Q: Wie sieht das Endstadium von Parkinson aus? A: Im fortgeschrittenen Krankheitsstadium verlangsamen sich die Bewegungsabläufe zunehmend. Außerdem bestehen Gangunsicherheiten und das typische Zittern der Hände. Patienten können auch Schluckbeschwerden oder Verstopfungen haben.

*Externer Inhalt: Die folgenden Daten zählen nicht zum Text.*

lemma tval_odd_set:
  assumes "multigraph V m" "R \<in> odd_sets V"
  shows "tval m R = real (edges_between m R R) / real (card R - 1)"
  using assms edges_between_self[OF assms(1), of R]
  by (auto simp: tval_def odd_sets_def of_nat_diff)

lemma tval_le_iff:
  assumes "multigraph V m" "R \<in> odd_sets V"
  shows "tval m R \<le> real k + 1 \<longleftrightarrow> edges_between m R R \<le> (k + 1) * (card R - 1)"
proof -
  have "real (card R - 1) > 0" using assms(2) by (simp add: odd_sets_def)
  then have "tval m R \<le> real k + 1 \<longleftrightarrow>
      real (edges_between m R R) \<le> (real k + 1) * real (card R - 1)"
    unfolding tval_odd_set[OF assms] by (rule pos_divide_le_eq)
  also have "(real k + 1) * real (card R - 1) = real ((k + 1) * (card R - 1))"
    by (simp only: of_nat_mult of_nat_add of_nat_1)
  finally show ?thesis by (simp only: of_nat_le_iff)
qed

lemma overfull_iff:
  assumes "multigraph V m" "R \<in> odd_sets V"
  shows "overfull m R k \<longleftrightarrow> k * (card R - 1) < edges_between m R R"
proof -
  have "real (card R - 1) > 0" using assms(2) by (simp add: odd_sets_def)
  then have "overfull m R k \<longleftrightarrow> real k * real (card R - 1) < real (edges_between m R R)"
    unfolding overfull_def tval_odd_set[OF assms] by (rule pos_less_divide_eq)
  also have "real k * real (card R - 1) = real (k * (card R - 1))"
    by (simp only: of_nat_mult)
  finally show ?thesis by (simp only: of_nat_less_iff)
qed

lemma slack_odd_set:
  assumes "multigraph V m" "R \<in> odd_sets V"
  shows "slack m R k = (real ((k + 1) * (card R - 1)) - real (edges_between m R R)) / 2"
proof -
  have "card R \<ge> 1" using assms(2) by (simp add: odd_sets_def)
  then have "(real k + 1) * (real (card R) - 1) = real ((k + 1) * (card R - 1))"
    by (simp only: of_nat_mult of_nat_diff of_nat_add of_nat_1)
  moreover have "real (edges_in m R) = real (edges_between m R R) / 2"
    using edges_between_self[OF assms(1)] assms(2) by (simp add: odd_sets_def)
  ultimately show ?thesis by (simp only: slack_def diff_divide_distrib)
qed

lemma slack_le_iff:
  assumes "multigraph V m" "R \<in> odd_sets V" "S \<in> odd_sets V"
  shows "slack m S k \<le> slack m R k \<longleftrightarrow>
    (k + 1) * (card S - 1) + edges_between m R R \<le> (k + 1) * (card R - 1) + edges_between m S S"
proof -
  have halves: "(x - y) / 2 \<le> (z - w) / 2 \<longleftrightarrow> x + w \<le> z + y" for x y z w :: real
    by (auto simp: field_simps)
  show ?thesis
    unfolding slack_odd_set[OF assms(1,2)] slack_odd_set[OF assms(1,3)] halves
    by (simp only: of_nat_add[symmetric] of_nat_le_iff)
qed

lemma shrink_V_eq: "shrink_V V X = insert None (Some ` (V - X))"
  by (auto simp: shrink_V_def)

lemma multigraph_shrink:
  assumes "multigraph V m"
  shows "multigraph (shrink_V V X) (shrink_m m X)"
proof -
  have supp: "u \<in> V" if "m u v \<noteq> 0" for u v
    using assms that by (auto simp: multigraph_def)
  then have supp_sum: "u \<in> V" if "(\<Sum>w\<in>X. m u w) \<noteq> 0" for u
    using that by (meson sum.neutral)
  have "shrink_m m X x y = shrink_m m X y x" for x y
    using assms by (cases x; cases y) (auto simp: multigraph_def)
  moreover have "shrink_m m X x x = 0" for x
    using assms by (cases x) (auto simp: multigraph_def)
  moreover have "x \<in> shrink_V V X \<and> y \<in> shrink_V V X" if "shrink_m m X x y \<noteq> 0" for x y
    using that supp supp_sum assms
    by (cases x; cases y) (auto simp: multigraph_def shrink_V_def split: if_splits)
  moreover have "finite (shrink_V V X)"
    using assms by (simp add: multigraph_def shrink_V_def)
  ultimately show ?thesis
    unfolding multigraph_def by blast
qed

lemma degree_shrink_Some:
  assumes "finite V" "X \<subseteq> V" "u \<in> V - X"
  shows "degree (shrink_V V X) (shrink_m m X) (Some u) = degree V m u"
proof -
  have "degree (shrink_V V X) (shrink_m m X) (Some u)
      = (\<Sum>w\<in>X. m u w) + (\<Sum>v\<in>V - X. m u v)"
    using assms by (simp add: degree_def shrink_V_eq sum.reindex)
  also have "\<dots> = degree V m u"
    using sum.subset_diff[OF assms(2,1), of "m u"] by (simp add: degree_def)
  finally show ?thesis .
qed

lemma degree_shrink_None:
  assumes "finite V"
  shows "degree (shrink_V V X) (shrink_m m X) None = edges_between m (V - X) X"
  using assms by (simp add: degree_def shrink_V_eq sum.reindex edges_between_def)

lemma edges_between_shrink_Some:
  assumes "B \<inter> X = {}"
  shows "edges_between (shrink_m m X) (Some ` B) (Some ` B) = edges_between m B B"
  using assms unfolding edges_between_def by (auto simp: sum.reindex intro!: sum.cong)

lemma edges_between_shrink_None:
  assumes "finite B" "B \<inter> X = {}"
  shows "edges_between (shrink_m m X) (insert None (Some ` B)) (insert None (Some ` B))
    = edges_between m B B + 2 * edges_between m B X"
proof -
  have "edges_between (shrink_m m X) (insert None (Some ` B)) (insert None (Some ` B))
      = (\<Sum>u\<in>B. \<Sum>w\<in>X. m u w) + (\<Sum>u\<in>B. (\<Sum>w\<in>X. m u w) + (\<Sum>v\<in>B. m u v))"
    using assms unfolding edges_between_def
    by (auto simp: sum.reindex intro!: sum.cong arg_cong2[where f = "(+)"])
  then show ?thesis by (simp add: edges_between_def sum.distrib)
qed

lemma odd_sets_shrink_V_cases:
  assumes "R \<in> odd_sets (shrink_V V X)"
  obtains B where "B \<in> odd_sets (V - X)" "R = Some ` B"
    | B where "B \<subseteq> V - X" "even (card B)" "R = insert None (Some ` B)"
proof -
  define B where "B = Some -` R"
  have B: "B \<subseteq> V - X" and R: "R \<subseteq> insert None (Some ` B)" and "finite R"
    using assms by (auto simp: B_def odd_sets_def shrink_V_eq intro: card_ge_0_finite)
  show thesis
  proof (cases "None \<in> R")
    case False
    then have "R = Some ` B" using R by (auto simp: B_def)
    moreover have "card R = card B" using calculation by (simp add: card_image)
    ultimately show thesis using that(1) assms B by (auto simp: odd_sets_def)
  next
    case True
    then have "R = insert None (Some ` B)" using R by (auto simp: B_def)
    moreover have "finite B" using \<open>finite R\<close> calculation by (simp add: finite_image_iff)
    ultimately show thesis using that(2) assms B by (auto simp: odd_sets_def card_image)
  qed
qed
theorem proposition1:
  fixes N K :: nat and E :: "nat set set" and c :: "nat \<Rightarrow> nat set"
  assumes "simple_graph N E"
    and "is_partition {1..N} K c"
  shows "elog (card {T \<in> spanning_trees {1..N} E id. compatible K c T}) =
         (\<Sum>k\<in>{1..K}. elog (card (spanning_trees (c k) (induced_edges E (c k)) id)))
         + elog (card (spanning_trees {1..K} (agg_edges E K c) (agg_ends K c)))"
proof -
  interpret graph_partition N K E c
    using assms by unfold_locales
  show ?thesis
    unfolding card_compatible_trees elog_mult by (simp add: elog_prod)
qed

end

Q: Wie kann eine Person mit Parkinson unterstützt werden? A: Es gibt viele Möglichkeiten, Patienten mit Parkinson zu helfen. Neben einer Unterstützung im Alltag bieten sich vor allem Hilfsmittel an. Ein Pflegebett, ein Rollator oder spezielles Besteck vereinfachen den Pflegealltag.
Q: Wie macht sich ein Parkinson-Schub bemerkbar? A: Die neurologische Erkrankung Parkinson verläuft nicht in Schüben, dennoch kann es zu schubweisen Verschlechterungen durch Begleiterkrankungen kommen. Betroffene berichten dann über eine Verschlechterung der Bewegungsfähigkeit und des allgemeinen Gesundheitszustandes.
Q: Was tun bei Parkinson Schub? A: Verschlechtert sich der Zustand Ihres Angehörigen, sollten Sie unbedingt Rücksprache mit dem behandelnden Arzt halten. Er entscheidet, ob eine medikamentöse Anpassung oder weitere Therapieangebote sinnvoll sind.